李恃玉点点头,过了马路手往下勾,牵住陈言的手。少年还想挣开,甩了几下之后发现根本不动弹,抬头小声道:“松手。”
“不松,”李恃玉低头凑近了看他,“男朋友的手不能牵吗?我刚才还看见你校门口有俩人亲嘴呢。”
陈言被他的突然靠近弄得浑身一僵,之前嘴上说的厉害,那也只是理论丰沛,到了李恃玉这里还是不够看。虽然此人只谈过两场算不上恋爱的恋爱,但还是经过了江常青的指导培训,以前没有实践的地方,现在有了。“你!人家那是小情侣,在走廊上也亲的!”
“哦——他们是小情侣——咱们就不是了——”李恃玉把每一个尾音都拉长,擦了几下不存在的眼泪,“当初是谁说要跟我谈恋爱的,真谈上了又不认,真是负心汉啊——”

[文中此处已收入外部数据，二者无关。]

lemma energy_eq_neg_ln_sqdist_prod:
  assumes a: "mset a = A" and s: "mset s = S" and "detJ j S \<noteq> 0"
  defines "P \<equiv> sqdist_prod j (set s) a"
  shows "U_J j A + W_J j A S = (if P = 0 then \<infinity> else ereal (- ln P))"
proof -
  define P\<^sub>0 where "P\<^sub>0 = sqdist_prod j {} a"
  define d where "d = sqdist_prod j {} s"
  have "P \<le> P\<^sub>0" "0 \<le> P" "0 \<le> d"
    unfolding P_def P\<^sub>0_def d_def by (simp_all add: sqdist_prod_antimono sqdist_prod_nonneg)
  have det_S: "detJ j S = of_real d"
    using detJ_eq_det_Jmat[OF s] det_Jmat_append[of "[]" s] by (simp add: d_def)
  then have "0 < d" using \<open>detJ j S \<noteq> 0\<close> \<open>0 \<le> d\<close> by auto
  have det_AS: "detJ j (A + S) = of_real d * of_real P"
    using detJ_eq_det_Jmat[of "s @ a" "A + S"] a s det_Jmat_append[of s a] det_Jmat_append[of "[]" s]
    by (simp add: P_def d_def add.commute)
  have det_A: "detJ j A = of_real P\<^sub>0"
    using detJ_eq_det_Jmat[OF a] det_Jmat_append[of "[]" a] by (simp add: P\<^sub>0_def)
  show ?thesis
  proof (cases "P = 0")
    case True
    then show ?thesis using det_AS by (simp add: W_J_def U_J_def)
  next
    case False
    then have "0 < P" "0 < P\<^sub>0" using \<open>0 \<le> P\<close> \<open>P \<le> P\<^sub>0\<close> by linarith+
    then have "U_J j A + W_J j A S = ereal (- ln P\<^sub>0) + (ereal (- ln (d * P)) - ereal (- ln P\<^sub>0) - ereal (- ln d))"
      using det_A det_S det_AS \<open>0 < d\<close> by (simp add: U_J_def W_J_def norm_mult)
    also have "\<dots> = ereal (- ln P)" using \<open>0 < P\<close> \<open>0 < d\<close> by (simp add: ln_mult)
    finally show ?thesis using False by simp
  qed
qed

lemma energy_mono:
  assumes "S \<subseteq># S'" and "detJ j S \<noteq> 0" and "detJ j S' \<noteq> 0"
  shows "U_J j A + W_J j A S \<le> U_J j A + W_J j A S'"
proof -
  obtain a s t where a: "mset a = A" and s: "mset s = S" and t: "mset t = S' - S"
    by (metis ex_mset)
  have st: "mset (s @ t) = S'" using s t assms(1) by simp
  have "sqdist_prod j (set (s @ t)) a \<le> sqdist_prod j (set s) a" "0 \<le> sqdist_prod j (set (s @ t)) a"
    by (simp_all add: sqdist_prod_antimono sqdist_prod_nonneg)
  then show ?thesis
    unfolding energy_eq_neg_ln_sqdist_prod[OF a s assms(2)] energy_eq_neg_ln_sqdist_prod[OF a st assms(3)]
    by auto
qed

end

lemma restr_config_mono:
  assumes "S \<subseteq> S'" and "finite {x\<in>S'. 0 < \<xi> x}"
  shows "restr_config \<xi> S \<subseteq># restr_config \<xi> S'"
proof -
  have "{x\<in>S. 0 < \<xi> x} \<subseteq> {x\<in>S'. 0 < \<xi> x}" using assms(1) by auto
  then have "restr_config \<xi> S' =
      (\<Sum>x\<in>{x\<in>S'. 0 < \<xi> x} - {x\<in>S. 0 < \<xi> x}. replicate_mset (\<xi> x) x) + restr_config \<xi> S"
    unfolding restr_config_def by (rule sum.subset_diff[OF _ assms(2)])
  then show ?thesis by simp
qed

lemma xi_hat_mono:
  assumes "locally_finite_config \<xi>" and "bounded \<Delta>'" and "\<Delta> \<subseteq> \<Delta>'"
  shows "xi_hat j \<Lambda> \<xi> \<Delta> \<subseteq># xi_hat j \<Lambda> \<xi> \<Delta>'"
proof -
  have "finite {x \<in> \<Delta>'. 0 < \<xi> x}"
    using assms(1,2) by (simp add: locally_finite_config_def)
  then have "finite {x \<in> \<Delta>' \<inter> boundary_pts j \<Lambda> \<xi>. 0 < \<xi> x}"
    by (rule finite_subset[rotated]) auto
  then show ?thesis
    unfolding xi_hat_def using assms(3) by (intro restr_config_mono) auto
qed

lemma tendsto_incr_to_univ_mono:
  fixes f :: "'a::euclidean_space set \<Rightarrow> ereal" and \<Lambda> :: "'a set"
  defines "\<I> \<equiv> {\<Delta>. bounded \<Delta> \<and> \<Delta> \<in> sets borel \<and> \<Lambda> \<subseteq> \<Delta>}"
  assumes "bounded \<Lambda>" and "\<Lambda> \<in> sets borel"
    and mono: "\<And>\<Delta> \<Delta>'. \<Delta> \<in> \<I> \<Longrightarrow> \<Delta>' \<in> \<I> \<Longrightarrow> \<Delta> \<subseteq> \<Delta>' \<Longrightarrow> f \<Delta> \<le> f \<Delta>'"
  shows "(f \<longlongrightarrow> (SUP \<Delta>\<in>\<I>. f \<Delta>)) (incr_to_univ \<Lambda>)"
proof -
  have eventually_above: "eventually (\<lambda>\<Delta>. \<Delta> \<in> \<I> \<and> \<Delta>\<^sub>0 \<subseteq> \<Delta>) (incr_to_univ \<Lambda>)" if "\<Delta>\<^sub>0 \<in> \<I>" for \<Delta>\<^sub>0
    unfolding incr_to_univ_def
    by (rule eventually_INF1[OF that[unfolded \<I>_def]]) (use that in \<open>auto simp: eventually_principal \<I>_def\<close>)
  show ?thesis
  proof (rule order_tendstoI)
    fix y assume "y < (SUP \<Delta>\<in>\<I>. f \<Delta>)"
    then obtain \<Delta>\<^sub>0 where "\<Delta>\<^sub>0 \<in> \<I>" "y < f \<Delta>\<^sub>0" by (auto simp: less_SUP_iff)
    with eventually_above[OF \<open>\<Delta>\<^sub>0 \<in> \<I>\<close>] show "eventually (\<lambda>\<Delta>. y < f \<Delta>) (incr_to_univ \<Lambda>)"
      by (elim eventually_mono) (auto dest: mono[OF \<open>\<Delta>\<^sub>0 \<in> \<I>\<close>])
  next
    fix y assume "(SUP \<Delta>\<in>\<I>. f \<Delta>) < y"
    have "\<Lambda> \<in> \<I>" using assms by (simp add: \<I>_def)
    with eventually_above[OF this] show "eventually (\<lambda>\<Delta>. f \<Delta> < y) (incr_to_univ \<Lambda>)"
      by (elim eventually_mono) (meson SUP_upper \<open>(SUP \<Delta>\<in>\<I>. f \<Delta>) < y\<close> le_less_trans)
  qed
qed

陈言把他拖长且突然大声的尾音捂回肚子里,拉着李恃玉快走了两步,“认认认,谈谈谈,我跟你天下第一好,行了吗?”
李恃玉被他盯着点了点头,陈言的手刚松下去他就接着说:“我知道的,我是拿不出手的,这名分是我讨来的,终究是不长久——诶诶诶别捂了我不说了——”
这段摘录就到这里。